日本よりも一足早く車社会に突入していたヨーロッパとアメリカでは、人々が排気ガスまみれの街を離れて郊外に住むようになったあと、街中は職を求めてやってくる難民や貧困層の人たちが滞在するようになり、極度に治安が悪化した街中では人が歩くことさえできなくなりました。

そこで1990年代からは、人々が安心して歩ける街を取り戻すために一度は「車の通行の邪魔だ」と廃止に追い込まれた路面電車を次々と復活させており、たとえばフランスでは、3車線でも渋滞していた道を、桜やモクレン、ナラの木などの並木と路面電車で埋めて、車の入れない街をつくっています。

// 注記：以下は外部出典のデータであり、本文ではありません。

(* For all sufficiently large $n$, there is a covering $3$-colouring of the edges of $K_n^{(4)}$ with no $5$-set of vertices whose $4$-subsets receive all three colours.
   Context: $K_n^{(4)}$ is the complete $4$-uniform hypergraph on $n$ vertices (edges are all $4$-subsets). A $4$-uniform hypergraph on vertex set $V$ is a covering if every $3$-subset of $V$ is contained in some edge. A colouring of the edges of $K_n^{(4)}$ is covering if for each colour, the $4$-graph on all $n$ vertices formed by the edges of that colour is a covering. *)

theory Defs
  imports Main
begin

(* Vertex set of K_n^(4) is {..<n}; its edges are the 4-subsets.
   An edge colouring with k colours is a function c on sets taking values in {..<k}
   on every edge (values off edges are irrelevant). *)

definition edges4 :: "nat \<Rightarrow> nat set set" where
  "edges4 n = {e. e \<subseteq> {..<n} \<and> card e = 4}"

definition is_colouring :: "nat \<Rightarrow> nat \<Rightarrow> (nat set \<Rightarrow> nat) \<Rightarrow> bool" where
  "is_colouring n k c \<longleftrightarrow> (\<forall>e \<in> edges4 n. c e < k)"

definition is_covering :: "nat \<Rightarrow> nat set set \<Rightarrow> bool" where
  "is_covering n H \<longleftrightarrow>
     (\<forall>T. T \<subseteq> {..<n} \<and> card T = 3 \<longrightarrow> (\<exists>e \<in> H. T \<subseteq> e))"

definition covering_colouring :: "nat \<Rightarrow> nat \<Rightarrow> (nat set \<Rightarrow> nat) \<Rightarrow> bool" where
  "covering_colouring n k c \<longleftrightarrow> is_colouring n k c \<and>
     (\<forall>i < k. is_covering n {e \<in> edges4 n. c e = i})"

end

theory Submission
  imports Defs
begin

text \<open>
  Split the vertices into 4 coarse classes (residues mod 4) and each of them into 4 fine classes
  (residues mod 16).  The colour of a 4-set depends only on its partition type under the coarse
  and under the fine partition.  Since the fine partition refines the coarse one, the colours of
  the five 4-subsets of any 5-set are determined by finitely many equality patterns, and a case
  check shows they never use all three colours.  Conversely, for every triple \<open>T\<close> a fourth
  vertex can be added in the same fine class as a point of \<open>T\<close>, in the same coarse but a new
  fine class, or in a new coarse class; these choices realise every colour.
\<close>

text \<open>
  \<open>class_pairs f e\<close> is the sum of the squared sizes of the classes of \<open>f\<close> within \<open>e\<close>; on a
  4-set its values 4, 6, 8, 10, 16 correspond to the partition types 1111, 211, 22, 31, 4.
  Counts and colours are integers so that the finite case checks below are linear integer
  arithmetic for \<open>smt\<close>.
\<close>

definition class_pairs :: "('a \<Rightarrow> 'b) \<Rightarrow> 'a set \<Rightarrow> int" where
  "class_pairs f e = (\<Sum>x\<in>e. \<Sum>y\<in>e. if f x = f y then 1 else 0)"

definition type_colour :: "int \<Rightarrow> int \<Rightarrow> int" where
  "type_colour k l =
     (if k = 4 then 0
      else if k = 6 then (if l = 4 then 1 else 2)
      else if k = 10 then (if l = 4 then 0 else 1)
      else if k = 8 then (if l = 4 then 2 else if l = 6 then 1 else 0)
      else if l = 4 then 2 else if l = 6 then 1 else if l = 10 then 0 else 2)"

definition nested_colour :: "('a \<Rightarrow> 'b) \<Rightarrow> ('a \<Rightarrow> 'c) \<Rightarrow> 'a set \<Rightarrow> int" where
  "nested_colour coarse fine e = type_colour (class_pairs coarse e) (class_pairs fine e)"

lemma type_colour_range: "type_colour k l \<in> {0, 1, 2}"
  unfolding type_colour_def by auto

lemma class_pairs_4:
  assumes "distinct [a, b, c, d]"
  shows "class_pairs f {a, b, c, d} = 4 + 2 *
    ((if f a = f b then 1 else 0) + (if f a = f c then 1 else 0) + (if f a = f d then 1 else 0) +
     (if f b = f c then 1 else 0) + (if f b = f d then 1 else 0) + (if f c = f d then 1 else 0))"
  using assms unfolding class_pairs_def by (auto simp: eq_commute)

lemma nested_colour_not_rainbow_5:
  assumes "distinct [a, b, c, d, e]"
    and refines: "\<And>x y. fine x = fine y \<Longrightarrow> coarse x = coarse y"
  shows "\<not> {0, 1, 2} \<subseteq> nested_colour coarse fine `
           {{b, c, d, e}, {a, c, d, e}, {a, b, d, e}, {a, b, c, e}, {a, b, c, d}}"
    (is "\<not> _ \<subseteq> ?C")
proof -
  have "distinct [b, c, d, e]" "distinct [a, c, d, e]" "distinct [a, b, d, e]"
    "distinct [a, b, c, e]" "distinct [a, b, c, d]"
    using assms(1) by auto
  note class_pairs = this[THEN class_pairs_4[where f = coarse]] this[THEN class_pairs_4[where f = fine]]
  have "\<not> (0 \<in> ?C \<and> 1 \<in> ?C \<and> 2 \<in> ?C)"
    unfolding image_insert image_empty insert_iff empty_iff nested_colour_def class_pairs
    using refines[of a b] refines[of a c] refines[of a d] refines[of a e] refines[of b c]
      refines[of b d] refines[of b e] refines[of c d] refines[of c e] refines[of d e]
    unfolding type_colour_def
    by (smt (z3))
  then show ?thesis
    by (simp only: insert_subset empty_subsetI simp_thms)
qed

lemma nested_colour_covers_3:
  assumes "distinct [a, b, c]"
    and refines: "\<And>x y. fine x = fine y \<Longrightarrow> coarse x = coarse y"
    and xa: "fine xa = fine a" "xa \<notin> {a, b, c}"
    and xb: "fine xb = fine b" "xb \<notin> {a, b, c}"
    and xc: "fine xc = fine c" "xc \<notin> {a, b, c}"
    and ya: "coarse ya = coarse a" "fine ya \<notin> {fine a, fine b, fine c}"
    and yb: "coarse yb = coarse b" "fine yb \<notin> {fine a, fine b, fine c}"
    and yc: "coarse yc = coarse c" "fine yc \<notin> {fine a, fine b, fine c}"
    and z: "coarse z \<notin> {coarse a, coarse b, coarse c}"
    and k: "k \<in> {0, 1, 2}"
  shows "\<exists>w \<in> {xa, xb, xc, ya, yb, yc, z}. nested_colour coarse fine {a, b, c, w} = k"
proof -
  have "distinct [a, b, c, xa]" "distinct [a, b, c, xb]" "distinct [a, b, c, xc]"
    "distinct [a, b, c, ya]" "distinct [a, b, c, yb]" "distinct [a, b, c, yc]" "distinct [a, b, c, z]"
    using assms(1) xa xb xc ya yb yc z by auto
  note class_pairs = this[THEN class_pairs_4[where f = coarse]] this[THEN class_pairs_4[where f = fine]]
  have "k \<in> nested_colour coarse fine `
          {{a, b, c, xa}, {a, b, c, xb}, {a, b, c, xc}, {a, b, c, ya}, {a, b, c, yb}, {a, b, c, yc}, {a, b, c, z}}"
    using k xa xb xc ya yb yc z
      refines[of a b] refines[of a c] refines[of b c] refines[of xa b] refines[of xa c]
      refines[of xb a] refines[of xb c] refines[of xc a] refines[of xc b] refines[of ya b]
      refines[of ya c] refines[of yb a] refines[of yb c] refines[of yc a] refines[of yc b]
      refines[of a xa] refines[of b xb] refines[of c xc] refines[of z a] refines[of z b]
      refines[of z c] refines[of xa a] refines[of xb b] refines[of xc c]
    unfolding image_insert image_empty insert_iff empty_iff nested_colour_def class_pairs type_colour_def
    by (smt (z3))
  then show ?thesis
    by blast
qed

lemma card_5E:
  assumes "card S = 5"
  obtains a b c d e where "S = {a, b, c, d, e}" "distinct [a, b, c, d, e]"
proof -
  obtain a R where R: "S = insert a R" "a \<notin> R" "card R = 4"
    using assms card_eq_SucD[of S 4] by auto
  obtain b U where U: "R = insert b U" "b \<notin> U" "card U = 3"
    using R(3) card_eq_SucD[of R 3] by auto
  obtain c d e where "U = {c, d, e}" "distinct [c, d, e]"
    using U(3) by (auto simp: card_3_iff)
  with R U show thesis
    by (intro that) auto
qed

lemma card_4_subsets_of_5:
  assumes "distinct [a, b, c, d, e]"
  shows "{F. F \<subseteq> {a, b, c, d, e} \<and> card F = 4} \<subseteq>
           {{b, c, d, e}, {a, c, d, e}, {a, b, d, e}, {a, b, c, e}, {a, b, c, d}}"
proof (intro subsetI, elim CollectE conjE)
  fix F
  let ?S = "{a, b, c, d, e}"
  assume F: "F \<subseteq> ?S" "card F = 4"
  have "card (?S - F) = 1"
    using assms F by (simp add: card_Diff_subset finite_subset)
  then obtain x where "?S - F = {x}"
    by (auto simp: card_Suc_eq)
  then have "F = ?S - {x}" "x \<in> ?S"
    using F(1) by auto
  then show "F \<in> {{b, c, d, e}, {a, c, d, e}, {a, b, d, e}, {a, b, c, e}, {a, b, c, d}}"
    using assms by auto
qed

lemma nested_colour_not_rainbow:
  assumes "card S = 5"
    and refines: "\<And>x y. fine x = fine y \<Longrightarrow> coarse x = coarse y"
  shows "\<not> {0, 1, 2} \<subseteq> nested_colour coarse fine ` {e. e \<subseteq> S \<and> card e = 4}"
proof -
  obtain a b c d e where S: "S = {a, b, c, d, e}" "distinct [a, b, c, d, e]"
    using card_5E[OF assms(1)] .
  have "nested_colour coarse fine ` {F. F \<subseteq> S \<and> card F = 4} \<subseteq>
      nested_colour coarse fine ` {{b, c, d, e}, {a, c, d, e}, {a, b, d, e}, {a, b, c, e}, {a, b, c, d}}"
    unfolding S(1) using card_4_subsets_of_5[OF S(2)] by (rule image_mono)
  with nested_colour_not_rainbow_5[of a b c d e fine coarse, OF S(2) refines] show ?thesis
    by (meson subset_trans)
qed

lemma ex_mod_avoiding:
  fixes r m :: nat
  assumes "r < m"
  shows "\<exists>w < 4 * m. w mod m = r \<and> w \<notin> {x, y, z}"
proof -
  let ?W = "(\<lambda>j. r + m * j) ` {..<4}"
  have "inj_on (\<lambda>j. r + m * j) {..<4}"
    using assms by (auto simp: inj_on_def)
  then have "card ?W = 4"
    by (simp add: card_image)
  moreover have "card {x, y, z} \<le> 3"
    by (simp add: card_insert_if)
  ultimately have "\<not> ?W \<subseteq> {x, y, z}"
    using card_mono[of "{x, y, z}" ?W] by auto
  then obtain j where j: "j < 4" "r + m * j \<notin> {x, y, z}"
    by auto
  have "r + m * j < m + m * j"
    using assms by simp
  also have "\<dots> \<le> 4 * m"
    using j(1) by (simp add: mult.commute)
  finally show ?thesis
    using assms j(2) by auto
qed

definition mod_colouring :: "nat set \<Rightarrow> nat" where
  "mod_colouring e = nat (nested_colour (\<lambda>v. v mod 4) (\<lambda>v. v mod 16) e)"

lemma int_mod_colouring: "int (mod_colouring e) = nested_colour (\<lambda>v. v mod 4) (\<lambda>v. v mod 16) e"
proof -
  have "nested_colour (\<lambda>v. v mod 4) (\<lambda>v. v mod 16) e \<in> {0, 1, 2}"
    unfolding nested_colour_def by (rule type_colour_range)
  then show ?thesis
    unfolding mod_colouring_def by auto
qed

lemma mod_colouring_less_3: "mod_colouring e < 3"
proof -
  have "int (mod_colouring e) \<in> {0, 1, 2}"
    unfolding int_mod_colouring nested_colour_def by (rule type_colour_range)
  then show ?thesis
    by auto
qed

lemma mod_16_refines_mod_4: "v mod 16 = w mod 16 \<Longrightarrow> v mod 4 = w mod (4::nat)"
  using mod_mod_cancel[of "4::nat" 16 v] mod_mod_cancel[of "4::nat" 16 w] by simp

lemma mod_colouring_covering:
  assumes "64 \<le> n" "T \<subseteq> {..<n}" "card T = 3" "k < 3"
  shows "\<exists>e \<in> edges4 n. mod_colouring e = k \<and> T \<subseteq> e"
proof -
  obtain a b c where T: "T = {a, b, c}" "distinct [a, b, c]"
    using assms(3) by (auto simp: card_3_iff)
  obtain xa where xa: "xa < 64" "xa mod 16 = a mod 16" "xa \<notin> {a, b, c}"
    using ex_mod_avoiding[of "a mod 16" 16 a b c] by auto
  obtain xb where xb: "xb < 64" "xb mod 16 = b mod 16" "xb \<notin> {a, b, c}"
    using ex_mod_avoiding[of "b mod 16" 16 a b c] by auto
  obtain xc where xc: "xc < 64" "xc mod 16 = c mod 16" "xc \<notin> {a, b, c}"
    using ex_mod_avoiding[of "c mod 16" 16 a b c] by auto
  obtain ya where ya: "ya < 16" "ya mod 4 = a mod 4" "ya mod 16 \<notin> {a mod 16, b mod 16, c mod 16}"
    using ex_mod_avoiding[of "a mod 4" 4 "a mod 16" "b mod 16" "c mod 16"] by auto
  obtain yb where yb: "yb < 16" "yb mod 4 = b mod 4" "yb mod 16 \<notin> {a mod 16, b mod 16, c mod 16}"
    using ex_mod_avoiding[of "b mod 4" 4 "a mod 16" "b mod 16" "c mod 16"] by auto
  obtain yc where yc: "yc < 16" "yc mod 4 = c mod 4" "yc mod 16 \<notin> {a mod 16, b mod 16, c mod 16}"
    using ex_mod_avoiding[of "c mod 4" 4 "a mod 16" "b mod 16" "c mod 16"] by auto
  obtain z where z: "z < 4" "z mod 4 \<notin> {a mod 4, b mod 4, c mod 4}"
    using ex_mod_avoiding[of 0 1 "a mod 4" "b mod 4" "c mod 4"] by auto
  have "int k \<in> {0, 1, 2}"
    using assms(4) by auto
  from nested_colour_covers_3[of a b c "\<lambda>v. v mod 16" "\<lambda>v. v mod 4",
      OF T(2) mod_16_refines_mod_4 xa(2,3) xb(2,3) xc(2,3) ya(2,3) yb(2,3) yc(2,3) z(2) this]
  obtain w where w: "w \<in> {xa, xb, xc, ya, yb, yc, z}"
    "nested_colour (\<lambda>v. v mod 4) (\<lambda>v. v mod 16) {a, b, c, w} = int k"
    by blast
  have "ya \<notin> {a, b, c}" "yb \<notin> {a, b, c}" "yc \<notin> {a, b, c}" "z \<notin> {a, b, c}"
    using ya(3) yb(3) yc(3) z(2) by auto
  then have "w \<notin> {a, b, c}"
    using w(1) xa(3) xb(3) xc(3) by blast
  moreover have "w < 64"
    using w(1) xa(1) xb(1) xc(1) ya(1) yb(1) yc(1) z(1) by auto
  ultimately have "{a, b, c, w} \<in> edges4 n"
    using T assms(1,2) by (auto simp: edges4_def)
  moreover have "mod_colouring {a, b, c, w} = k"
    using w(2) int_mod_colouring of_nat_eq_iff by metis
  ultimately show ?thesis
    using T(1) by blast
qed

lemma mod_colouring_not_rainbow:
  assumes "card S = 5"
  shows "mod_colouring ` {e. e \<subseteq> S \<and> card e = 4} \<noteq> {0, 1, 2}"
proof
  assume rainbow: "mod_colouring ` {e. e \<subseteq> S \<and> card e = 4} = {0, 1, 2}"
  have "nested_colour (\<lambda>v. v mod 4) (\<lambda>v. v mod 16) ` {e. e \<subseteq> S \<and> card e = 4} =
      int ` mod_colouring ` {e. e \<subseteq> S \<and> card e = 4}"
    by (simp add: image_image int_mod_colouring)
  also have "\<dots> = {0, 1, 2}"
    unfolding rainbow by simp
  finally show False
    using nested_colour_not_rainbow[of S "\<lambda>v. v mod 16" "\<lambda>v. v mod 4", OF assms mod_16_refines_mod_4]
    by simp
qed

theorem lemma16:
  shows "\<exists>N. \<forall>n \<ge> N. \<exists>c. covering_colouring n 3 c \<and>
           \<not> (\<exists>S. S \<subseteq> {..<n} \<and> card S = 5 \<and>
                 c ` {e. e \<subseteq> S \<and> card e = 4} = {0, 1, 2})"
proof (rule exI[of _ 64], intro allI impI)
  fix n :: nat
  assume n: "64 \<le> n"
  have "is_colouring n 3 mod_colouring"
    unfolding is_colouring_def using mod_colouring_less_3 by blast
  moreover have "is_covering n {e \<in> edges4 n. mod_colouring e = i}" if "i < 3" for i
    unfolding is_covering_def using mod_colouring_covering[OF n _ _ that] by blast
  ultimately have "covering_colouring n 3 mod_colouring"
    unfolding covering_colouring_def by blast
  then show "\<exists>c. covering_colouring n 3 c \<and>
      \<not> (\<exists>S. S \<subseteq> {..<n} \<and> card S = 5 \<and> c ` {e. e \<subseteq> S \<and> card e = 4} = {0, 1, 2})"
    using mod_colouring_not_rainbow by blast
qed

end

人は自由に移動する権利があるとして「交通権」という法律を整備したフランスは、従業員9人以上の企業から交通税を集め、これによって、人口20万~30万の都市(日本でいうと長野県の松本市や福井県の福井市などの大きさの都市)に、「水平に動くエレベーター」ともいうほどにバリアフリーで歩行者が気軽に乗り降りできる路面電車が走るようになったのです。

日本で「路面電車」というと懐かしい昭和のイメージがぬぐえませんが、ヨーロッパでは現代版・路面電車が国境をまたいで地方都市同士をつなぎはじめています。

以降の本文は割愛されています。